Centre for Brain Research


Aoteoroa Neuroscience Postdoctoral Fellow Projects

The role of GABAergic inhibition in motor recovery early after stroke


CBR PIs?AIs: Professor Winston Byblow, Dr Cathy Stinear, Dr Suzanne Ackerley, Dr James Coxon, Professor Alan Barber

This project builds upon a decade of research undertaken by the PIs on stroke recovery and rehabilitation and capitalises on various strengths, across clinical neuroscience, neuroimaging and neurological rehabilitation within the Centre for Brain Research and the Brain Recovery Clinic.

The effectiveness of applied rehabilitation therapies is diminished by the relative lack of knowledge regarding the physiology of motor recovery, and this acts as a barrier to the restoration of function. Gamma aminobutyric acid (GABA) is the main inhibitory neurotransmitter. GABAergic inhibition affects neural plasticity, motor learning, and recovery after stroke. In patients at the chronic stage of stroke, interventions that are thought to reduce tonic GABAergic inhibition in human primary motor cortex (M1) lead to better functional outcomes. This new project will examine the trajectory of M1 GABAergic inhibition in human patients during the initial weeks after stroke, and whether it is open to modification at various time points using non-invasive brain stimulation (NIBS), such as rTMS and TDCS.
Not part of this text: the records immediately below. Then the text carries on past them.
(*
  Countably compact implies set star compact: if A and \<U> admit no finite \<V> with
  A \<subseteq> st(\<Union>\<V>, \<U>), choose x_n \<in> A outside the star of the members of \<U> picked
  around x_0, ..., x_(n-1). Then no member of \<U> contains two terms of the sequence, yet a
  cluster point of (x_n) lies in cl A \<subseteq> \<Union>\<U>.

  Conversely, if a regular X is not countably compact, there is an increasing open cover
  W_0 \<subseteq> W_1 \<subseteq> ... without finite subcover and points y_n \<in> W_(n+1) - W_n.
  Regularity yields pairwise disjoint open D_n \<ni> y_n, and cl {y_n} \<subseteq> D_n. Since only
  finitely many y_n lie outside any W_j, the closure of {y_n | n} is the union of the
  cl {y_n}, hence covered by the D_n; but a finite subfamily of the D_n stars only
  finitely many y_n.
*)

lemma countably_compact_space_Inter_decseq_closedin:
  fixes C :: "nat \<Rightarrow> 'a set"
  assumes cc: "countably_compact_space X"
    and closed: "\<And>n. closedin X (C n)" and nonempty: "\<And>n. C n \<noteq> {}" and "decseq C"
  shows "(\<Inter>n. C n) \<noteq> {}"
proof
  assume empty: "(\<Inter>n. C n) = {}"
  let ?\<U> = "range (\<lambda>n. topspace X - C n)"
  have "topspace X \<subseteq> \<Union>?\<U>"
    using empty by auto
  moreover have "\<forall>U\<in>?\<U>. openin X U"
    using closed by auto
  ultimately obtain \<V> where "\<V> \<subseteq> ?\<U>" "finite \<V>" "topspace X \<subseteq> \<Union>\<V>"
    using cc unfolding countably_compact_space_def by (meson countable_image countableI_type)
  then obtain F where "finite F" and cover: "topspace X \<subseteq> (\<Union>n\<in>F. topspace X - C n)"
    by (metis finite_subset_image)
  then obtain k where "F \<subseteq> {..<k}"
    using finite_nat_bounded by blast
  then have "C k \<subseteq> C n" if "n \<in> F" for n
    using \<open>decseq C\<close> that by (metis decseqD lessThan_iff less_imp_le subsetD)
  moreover have "C k \<subseteq> topspace X"
    using closed closedin_subset by blast
  ultimately show False
    using cover nonempty[of k] by blast
qed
The aim of this project is to explore the contribution of disinhibition to spontaneous recovery after stroke, and whether it can be altered by neuromodulation. Achieving this aim will provide a principled basis for future trials to test whether NIBS can be used in an individualised way to promote recovery after stroke. We have two objectives:

  1. To test our theory that motor recovery in human patients is mediated is by tonic inhibitory tone.
  2. To generate proof of principle evidence that M1 inhibition is modifiable by NIBS during spontaneous recovery, and that this can be targeted to individual patients.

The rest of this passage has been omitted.